*** Opening PROVIDED ENTRIES ***
lemma Ucomp_clinear: "clinear (Ucomp k)"
  unfolding Ucomp_def by (rule orth_comp_clinear[OF odU mod_p_less])

lemma Ucomp_periodic: "Ucomp (k + p) = Ucomp k"
  by (simp add: Ucomp_def)

lemma Ucomp_shift: "B \<in> Bs \<Longrightarrow> Ucomp (Suc k) (B *v x) = B *v Ucomp k x"
  using orth_comp_cyclic_shift[OF odU _ mod_p_less, of B k x] cycU by (simp add: Ucomp_def mod_Suc_eq)

lemma Ucomp_self_adjoint: "cinner (Ucomp k x) y = cinner x (Ucomp k y)"
  unfolding Ucomp_def by (rule orth_comp_self_adjoint[OF odU mod_p_less])

lemma Ucomp_of_mem: "i < p \<Longrightarrow> u \<in> U i \<Longrightarrow> Ucomp k u = (if k mod p = i then u else 0)"
  unfolding Ucomp_def by (rule orth_comp_of_mem[OF odU _ _ mod_p_less])

lemma V_comp_swap:
  assumes "B \<in> Bs"
  shows "orth_comp 2 V 1 (B *v x) = B *v orth_comp 2 V 0 x"
    and "orth_comp 2 V 0 (B *v x) = B *v orth_comp 2 V 1 x"
proof -
  have cyc: "\<forall>i<2. \<forall>u\<in>V i. B *v u \<in> V (Suc i mod 2)"
    using cycV assms by blast
  show "orth_comp 2 V 1 (B *v x) = B *v orth_comp 2 V 0 x"
    "orth_comp 2 V 0 (B *v x) = B *v orth_comp 2 V 1 x"
    using orth_comp_cyclic_shift[OF odV cyc, of 0 x] orth_comp_cyclic_shift[OF odV cyc, of 1 x]
    by simp_all
qed

definition grading :: "complex^'n \<Rightarrow> complex^'n" where
  "grading x = orth_comp 2 V 0 x - orth_comp 2 V 1 x"

lemma grading_clinear: "clinear grading"
  unfolding grading_def[abs_def]
  by (intro vec.linear_compose_sub orth_comp_clinear[OF odV]) simp_all

lemma grading_anticommute: "B \<in> Bs \<Longrightarrow> grading (B *v x) = - (B *v grading x)"
  unfolding grading_def by (simp only: V_comp_swap) (simp add: matrix_vector_mult_diff_distrib)

lemma grading_self_adjoint: "cinner (grading x) y = cinner x (grading y)"
  by (simp add: grading_def cinner_diff_left cinner_diff_right orth_comp_self_adjoint[OF odV])

lemma grading_grading: "grading (grading x) = x"
proof -
  have "orth_comp 2 V i (orth_comp 2 V j x) = (if i = j then orth_comp 2 V j x else 0)"
    if "i < 2" "j < 2" for i j
    using that by (simp add: orth_comp_of_mem[OF odV _ orth_comp_in[OF odV]])
  then have "grading (grading x) = orth_comp 2 V 0 x + orth_comp 2 V 1 x"
    by (simp add: grading_def vec.linear_diff[OF orth_comp_clinear[OF odV]])
  also have "\<dots> = x"
    using orth_comp_sum[OF odV, of x] by (simp add: numeral_2_eq_2)
  finally show ?thesis .
qed

text \<open>Compressions of the grading to the blocks \<open>U (i + b) \<rightarrow> U (i + a)\<close>; composed with the
  grading they commute with the Kraus operators, so Schur's lemma applies to them.\<close>
definition block :: "nat \<Rightarrow> nat \<Rightarrow> complex^'n \<Rightarrow> complex^'n" where
  "block a b x = (\<Sum>i<p. Ucomp (i + a) (grading (Ucomp (i + b) x)))"

lemma block_clinear: "clinear (block a b)"
proof -
  have "clinear (Ucomp (i + a) \<circ> (grading \<circ> Ucomp (i + b)))" for i
    using Vector_Spaces.linear_compose[OF
        Vector_Spaces.linear_compose[OF Ucomp_clinear grading_clinear] Ucomp_clinear] .
  then show ?thesis
    unfolding block_def[abs_def] by (intro vec.linear_compose_sum ballI) (simp add: o_def)
qed

lemma block_anticommute:
  assumes B: "B \<in> Bs"
  shows "block a b (B *v x) = - (B *v block a b x)"
proof -
  define h where "h k = Ucomp (k + a) (grading (Ucomp (k + b) x))" for k
  have "Ucomp (i + a) (grading (Ucomp (i + b) (B *v x))) = - (B *v h (i + (p - 1)))" for i
  proof -
    have shift: "i + c + p = Suc (i + (p - 1) + c)" for c
      using p_pos by simp
    have "Ucomp (i + b) (B *v x) = B *v Ucomp (i + (p - 1) + b) x"
      using Ucomp_periodic[of "i + b"] Ucomp_shift[OF B] by (metis shift)
    then have "Ucomp (i + a) (grading (Ucomp (i + b) (B *v x)))
        = - Ucomp (i + a + p) (B *v grading (Ucomp (i + (p - 1) + b) x))"
      by (simp add: grading_anticommute[OF B] vec.linear_neg[OF Ucomp_clinear] Ucomp_periodic)
    also have "\<dots> = - (B *v h (i + (p - 1)))"
      unfolding shift Ucomp_shift[OF B] by (simp add: h_def add_ac)
    finally show ?thesis .
  qed
  then have "block a b (B *v x) = - (B *v (\<Sum>i<p. h (i + (p - 1))))"
    by (simp add: block_def sum_negf vec.sum)
  also have "(\<Sum>i<p. h (i + (p - 1))) = (\<Sum>i<p. h i)"
  proof (rule sum_lessThan_shift_periodic)
    have "(k + p + c) mod p = (k + c) mod p" for k c
      by (metis add.commute add.left_commute mod_add_self2)
    then show "h (k + p) = h k" for k
      by (simp add: h_def Ucomp_def)
  qed
  finally show ?thesis
    by (simp add: block_def h_def)
qed

lemma block_adjoint: "cinner (block a b x) y = cinner x (block b a y)"
  by (simp add: block_def cinner_sum_left cinner_sum_right Ucomp_self_adjoint grading_self_adjoint)

lemma block_of_mem:
  assumes "i < p" and "u \<in> U i"
  shows "block k 0 u = Ucomp (i + k) (grading u)"
proof -
  have "block k 0 u = (\<Sum>l<p. Ucomp (l + k) (grading (Ucomp l u)))"
    by (simp add: block_def)
  also have "\<dots> = Ucomp (i + k) (grading (Ucomp i u))"
    using assms by (intro sum_eq_single)
      (auto simp: Ucomp_of_mem vec.linear_0[OF grading_clinear] vec.linear_0[OF Ucomp_clinear])
  finally show ?thesis
    using Ucomp_of_mem[OF assms, of i] assms(1) by simp
qed

lemma block_scalar: "\<exists>c. \<forall>x. block k 0 x = c *s grading x"
proof -
  have "\<exists>c. \<forall>x. (block k 0 \<circ> grading) x = c *s x"
  proof (rule IQC_commutant_scalar[OF iqc, where X' = "grading \<circ> block 0 k"])
    show "clinear (block k 0 \<circ> grading)"
      by (rule Vector_Spaces.linear_compose[OF grading_clinear block_clinear])
    show "cinner ((block k 0 \<circ> grading) x) y = cinner x ((grading \<circ> block 0 k) y)" for x y
      by (simp add: block_adjoint grading_self_adjoint)
    show "(block k 0 \<circ> grading) (B *v x) = B *v (block k 0 \<circ> grading) x" if "B \<in> Bs" for B x
      using that by (simp add: grading_anticommute block_anticommute vec.linear_neg[OF block_clinear])
    show "(grading \<circ> block 0 k) (B *v x) = B *v (grading \<circ> block 0 k) x" if "B \<in> Bs" for B x
      using that by (simp add: grading_anticommute block_anticommute vec.linear_neg[OF grading_clinear])
  qed
  then obtain c where "\<And>x. block k 0 (grading x) = c *s x"
    by auto
  then have "block k 0 x = c *s grading x" for x
    by (metis grading_grading)
  then show ?thesis
    by blast
qed

lemma grading_shifts_components:
  obtains j where "j < p" and "\<And>l w. l < p \<Longrightarrow> w \<in> U l \<Longrightarrow> grading w \<in> U ((l + j) mod p)"
proof -
  obtain u where u: "u \<in> U 0" "u \<noteq> 0"
    using orth_decomp_ex_nonzero[OF odU p_pos] by blast
  have "grading u \<noteq> 0"
    using u grading_grading[of u] vec.linear_0[OF grading_clinear] by metis
  then obtain j where j: "j < p" "Ucomp j (grading u) \<noteq> 0"
    using Ucomp_sum[of "grading u"] by (metis (no_types, lifting) lessThan_iff sum.neutral)
  obtain c where c: "\<And>x. block j 0 x = c *s grading x"
    using block_scalar by blast
  have "c \<noteq> 0"
    using j(2) c[of u] block_of_mem[OF p_pos u(1)] by auto
  have "grading w \<in> U ((l + j) mod p)" if "l < p" "w \<in> U l" for l w
  proof -
    have "c *s grading w \<in> U ((l + j) mod p)"
      using c[of w] block_of_mem[OF that] Ucomp_in by metis
    then have "(1 / c) *s (c *s grading w) \<in> U ((l + j) mod p)"
      using vec.subspace_scale[OF orth_decomp_subspace[OF odU mod_p_less]] by blast
    then show ?thesis
      using \<open>c \<noteq> 0\<close> by simp
  qed
  with j(1) that show ?thesis
    by blast
qed
(* Assume $\ker(K)\cap\ker(D)=\{0\}$. Then for any $\delta\ge 0$ and any reconstructor $\Psi$, the function $\mathcal{J}_{\Psi,\delta}:\mathcal{X}\to\mathbb{R}$, $$\mathcal{J}_{\Psi,\delta}(x)=\|Kx-y^\delta\|_2^2+\lambda\,\|w(\Psi(y^\delta))\odot|Dx|\|_1,$$ is coercive.
   Context: Let $K\in\mathbb{R}^{m\times n}$ with $m\le n$, and let $D_h,D_v\in\mathbb{R}^{n\times n}$ be the discrete horizontal and vertical difference operators; $D:\mathbb{R}^n\to\mathbb{R}^{2n}$, $Dx=\begin{bmatrix}D_hx\\ D_vx\end{bmatrix}$, and $|Dx|\in\mathbb{R}^n$, $(|Dx|)_i=\sqrt{(D_hx)_i^2+(D_vx)_i^2}$. $\mathcal{X}=\{x\in\mathbb{R}^n: x_i\ge 0\ \forall i\}$. Fix $\lambda>0$, $\eta>0$, $p\in(0,1)$, and for $\tilde x\in\mathbb{R}^n$ define weights $(w(\tilde{x}))_i=\big(\eta/\sqrt{\eta^2+(|D\tilde{x}|)_i^2}\big)^{1-p}$. A reconstructor is a Lipschitz continuous map $\Psi:\mathbb{R}^m\to\mathbb{R}^n$. For $\delta\ge0$, $y^\delta\in\mathbb{R}^m$ denotes data $y^\delta=Kx^{GT}+e$ with $x^{GT}\in\mathcal{X}$ and $\|e\|_2\le\delta$. $\odot$ is the entrywise product. *)

theory Defs
  imports "HOL-Analysis.Analysis"
begin

text \<open>Pixelwise gradient magnitude |Dx|, with D x = (D_h x, D_v x).\<close>
definition absD :: "real^'n^'n \<Rightarrow> real^'n^'n \<Rightarrow> real^'n \<Rightarrow> real^'n" where
  "absD Dh Dv x = (\<chi> i. sqrt (((Dh *v x) $ i)^2 + ((Dv *v x) $ i)^2))"

definition weights :: "real \<Rightarrow> real \<Rightarrow> real^'n^'n \<Rightarrow> real^'n^'n \<Rightarrow> real^'n \<Rightarrow> real^'n" where
  "weights \<eta> p Dh Dv xt =
     (\<chi> i. (\<eta> / sqrt (\<eta>^2 + ((absD Dh Dv xt) $ i)^2)) powr (1 - p))"

definition norm1 :: "real^'n \<Rightarrow> real" where
  "norm1 v = (\<Sum>i\<in>UNIV. \<bar>v $ i\<bar>)"

definition nonneg_orthant :: "(real^'n) set" where
  "nonneg_orthant = {x. \<forall>i. 0 \<le> x $ i}"

definition Jfun :: "real^'n^'m \<Rightarrow> real^'n^'n \<Rightarrow> real^'n^'n \<Rightarrow> real \<Rightarrow> real \<Rightarrow> real
    \<Rightarrow> (real^'m \<Rightarrow> real^'n) \<Rightarrow> real^'m \<Rightarrow> real^'n \<Rightarrow> real" where
  "Jfun K Dh Dv lam \<eta> p \<Psi> y x =
     (norm (K *v x - y))^2 + lam * norm1 (weights \<eta> p Dh Dv (\<Psi> y) * absD Dh Dv x)"

definition coercive_on :: "'a::real_normed_vector set \<Rightarrow> ('a \<Rightarrow> real) \<Rightarrow> bool" where
  "coercive_on S f \<longleftrightarrow> (\<forall>M. \<exists>R. \<forall>x\<in>S. norm x \<ge> R \<longrightarrow> f x \<ge> M)"

end

theory Submission
  imports Defs
begin

text \<open>The weights are positive, so they are bounded below by some c > 0 and the weighted
  TV term dominates c-multiples of the norms of D_h x and D_v x; the fidelity term, via
  z^2 \<ge> 2z - 1, grows at least linearly in the norm of Kx. Since ker K \<inter> ker D = {0}, the
  linear map x \<mapsto> (Kx, D_h x, D_v x) is injective, hence bounded below on the finite-dimensional
  space, so J grows at least linearly in the norm of x.\<close>

lemma coercive_onI_linear_lower_bound:
  assumes "a > 0" and "\<And>x. x \<in> S \<Longrightarrow> a * norm x - b \<le> f x"
  shows "coercive_on S f"
  unfolding coercive_on_def
proof
  fix M
  have "M \<le> f x" if "x \<in> S" and "(\<bar>M\<bar> + \<bar>b\<bar>) / a \<le> norm x" for x
  proof -
    have "\<bar>M\<bar> + \<bar>b\<bar> \<le> a * norm x"
      using that(2) \<open>a > 0\<close> by (simp add: divide_le_eq mult.commute)
    then show ?thesis using assms(2)[OF that(1)] by linarith
  qed
  then show "\<exists>R. \<forall>x\<in>S. R \<le> norm x \<longrightarrow> M \<le> f x" by blast
qed

lemma linear_triple_injective_lower_bound:
  fixes f :: "'a::euclidean_space \<Rightarrow> 'b::euclidean_space"
    and g :: "'a \<Rightarrow> 'c::euclidean_space" and h :: "'a \<Rightarrow> 'd::euclidean_space"
  assumes "linear f" "linear g" "linear h"
    and "\<And>x. f x = 0 \<Longrightarrow> g x = 0 \<Longrightarrow> h x = 0 \<Longrightarrow> x = 0"
  obtains \<epsilon> where "\<epsilon> > 0" "\<And>x. \<epsilon> * norm x \<le> norm (f x) + norm (g x) + norm (h x)"
proof -
  define F where "F x = (f x, g x, h x)" for x
  have "bounded_linear F"
    unfolding F_def using assms(1-3)
    by (intro bounded_linear_Pair) (simp_all add: linear_conv_bounded_linear)
  moreover have "\<forall>x\<in>UNIV. F x = 0 \<longrightarrow> x = 0"
    using assms(4) by (simp add: F_def zero_prod_def)
  ultimately obtain \<epsilon> where "\<epsilon> > 0" and \<epsilon>: "\<And>x. \<epsilon> * norm x \<le> norm (F x)"
    using injective_imp_isometric[OF closed_UNIV subspace_UNIV] by blast
  have "norm (F x) \<le> norm (f x) + norm (g x) + norm (h x)" for x
    using norm_Pair_le[of "f x" "(g x, h x)"] norm_Pair_le[of "g x" "h x"]
    by (simp add: F_def)
  then show ?thesis using that[OF \<open>\<epsilon> > 0\<close>] \<epsilon> order_trans by blast
qed

lemma absD_nonneg: "0 \<le> absD Dh Dv x $ i"
  by (simp add: absD_def)

lemma norm_le_sum_absD:
  fixes Dh Dv :: "real^'n^'n" and x :: "real^'n"
  shows "norm (Dh *v x) \<le> (\<Sum>i\<in>UNIV. absD Dh Dv x $ i)"
    and "norm (Dv *v x) \<le> (\<Sum>i\<in>UNIV. absD Dh Dv x $ i)"
proof -
  have "\<bar>(Dh *v x) $ i\<bar> \<le> absD Dh Dv x $ i" "\<bar>(Dv *v x) $ i\<bar> \<le> absD Dh Dv x $ i" for i
    by (simp_all add: absD_def real_le_rsqrt)
  then show "norm (Dh *v x) \<le> (\<Sum>i\<in>UNIV. absD Dh Dv x $ i)"
    and "norm (Dv *v x) \<le> (\<Sum>i\<in>UNIV. absD Dh Dv x $ i)"
    using norm_le_l1_cart[of "Dh *v x"] norm_le_l1_cart[of "Dv *v x"]
    by (meson order_trans sum_mono)+
qed

lemma weights_pos: "\<eta> > 0 \<Longrightarrow> 0 < weights \<eta> p Dh Dv xt $ i"
  by (simp add: weights_def)

lemma norm1_mult_ge:
  assumes "\<And>i. c \<le> w $ i" and "\<And>i. 0 \<le> v $ i"
  shows "c * (\<Sum>i\<in>UNIV. v $ i) \<le> norm1 (w * v)"
proof -
  have "c * (\<Sum>i\<in>UNIV. v $ i) \<le> (\<Sum>i\<in>UNIV. w $ i * v $ i)"
    unfolding sum_distrib_left by (intro sum_mono mult_right_mono assms)
  also have "\<dots> \<le> norm1 (w * v)"
    unfolding norm1_def by (intro sum_mono) simp
  finally show ?thesis .
qed

lemma Jfun_ge_linear:
  assumes "lam > 0" and "\<eta> > 0"
  obtains k where "k > 0"
    and "\<And>x. k * (norm (K *v x) + norm (Dh *v x) + norm (Dv *v x)) - 2 * norm y - 1
              \<le> Jfun K Dh Dv lam \<eta> p \<Psi> y x"
proof -
  define w where "w = weights \<eta> p Dh Dv (\<Psi> y)"
  define c where "c = Min (range (\<lambda>i. w $ i))"
  have "c > 0" and "\<And>i. c \<le> w $ i"
    unfolding c_def w_def by (simp_all add: weights_pos[OF \<open>\<eta> > 0\<close>])
  define k where "k = min 2 (lam * c / 2)"
  have "k > 0" using \<open>c > 0\<close> \<open>lam > 0\<close> by (simp add: k_def)
  have "k * (norm (K *v x) + norm (Dh *v x) + norm (Dv *v x)) - 2 * norm y - 1
          \<le> Jfun K Dh Dv lam \<eta> p \<Psi> y x" for x
  proof -
    define z where "z = norm (K *v x - y)"
    define s where "s = (\<Sum>i\<in>UNIV. absD Dh Dv x $ i)"
    have fidelity: "2 * norm (K *v x) - 2 * norm y - 1 \<le> z\<^sup>2"
    proof -
      have "2 * z - 1 \<le> z\<^sup>2" using zero_le_power2[of "z - 1"] by (simp add: power2_diff)
      moreover have "norm (K *v x) - norm y \<le> z"
        unfolding z_def using norm_triangle_ineq2 by blast
      ultimately show ?thesis by linarith
    qed
    have "lam * (c * s) \<le> lam * norm1 (w * absD Dh Dv x)"
      unfolding s_def using \<open>lam > 0\<close> \<open>\<And>i. c \<le> w $ i\<close>
      by (simp add: norm1_mult_ge absD_nonneg)
    moreover have "k * (norm (Dh *v x) + norm (Dv *v x)) \<le> lam * (c * s)"
    proof -
      have "k * (norm (Dh *v x) + norm (Dv *v x)) \<le> lam * c / 2 * (2 * s)"
        using norm_le_sum_absD[where Dh = Dh and Dv = Dv and x = x] \<open>k > 0\<close>
        by (intro mult_mono) (simp_all add: k_def s_def)
      then show ?thesis by simp
    qed
    moreover have "k * norm (K *v x) \<le> 2 * norm (K *v x)"
      by (simp add: k_def mult_right_mono)
    ultimately show ?thesis
      using fidelity by (simp add: Jfun_def z_def w_def s_def distrib_left)
  qed
  then show ?thesis using that \<open>k > 0\<close> by blast
qed

lemma Jfun_coercive_on:
  assumes "lam > 0" and "\<eta> > 0"
    and ker: "\<forall>x. K *v x = 0 \<and> Dh *v x = 0 \<and> Dv *v x = 0 \<longrightarrow> x = 0"
  shows "coercive_on S (Jfun K Dh Dv lam \<eta> p \<Psi> y)"
proof -
  obtain \<epsilon> where "\<epsilon> > 0"
    and \<epsilon>: "\<And>x. \<epsilon> * norm x \<le> norm (K *v x) + norm (Dh *v x) + norm (Dv *v x)"
    using linear_triple_injective_lower_bound[of "(*v) K" "(*v) Dh" "(*v) Dv"] ker
    by (metis matrix_vector_mul_linear)
  obtain k where "k > 0"
    and k: "\<And>x. k * (norm (K *v x) + norm (Dh *v x) + norm (Dv *v x)) - 2 * norm y - 1
                \<le> Jfun K Dh Dv lam \<eta> p \<Psi> y x"
    using Jfun_ge_linear[OF assms(1,2)] by blast
  have "k * \<epsilon> * norm x - (2 * norm y + 1) \<le> Jfun K Dh Dv lam \<eta> p \<Psi> y x" for x
  proof -
    have "k * (\<epsilon> * norm x) \<le> k * (norm (K *v x) + norm (Dh *v x) + norm (Dv *v x))"
      using \<epsilon>[of x] \<open>k > 0\<close> by simp
    then show ?thesis using k[of x] by simp
  qed
  then show ?thesis
    using \<open>k > 0\<close> \<open>\<epsilon> > 0\<close> by (intro coercive_onI_linear_lower_bound[of "k * \<epsilon>"]) simp_all
qed

theorem lemma2:
  fixes K :: "real^'n^'m" and Dh Dv :: "real^'n^'n"
    and lam \<eta> p \<delta> :: real
    and \<Psi> :: "real^'m \<Rightarrow> real^'n"
    and xGT :: "real^'n" and e y\<delta> :: "real^'m"
  assumes "CARD('m) \<le> CARD('n)"
    and "lam > 0" and "\<eta> > 0" and "0 < p" and "p < 1"
    and ker: "\<forall>x. K *v x = 0 \<and> Dh *v x = 0 \<and> Dv *v x = 0 \<longrightarrow> x = 0"
    and lip: "\<exists>L. L-lipschitz_on UNIV \<Psi>"
    and "\<delta> \<ge> 0"
    and "xGT \<in> nonneg_orthant" and "norm e \<le> \<delta>" and "y\<delta> = K *v xGT + e"
  shows "coercive_on nonneg_orthant (Jfun K Dh Dv lam \<eta> p \<Psi> y\<delta>)"
  using Jfun_coercive_on[OF \<open>lam > 0\<close> \<open>\<eta> > 0\<close> ker] .

end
*** Closing PROVIDED ENTRIES ***
▸ **ACTION ITEM**
Tell how many lines in the entries contain the string "with", and give nothing beyond the number.

▸ **RESULT BELOW**
5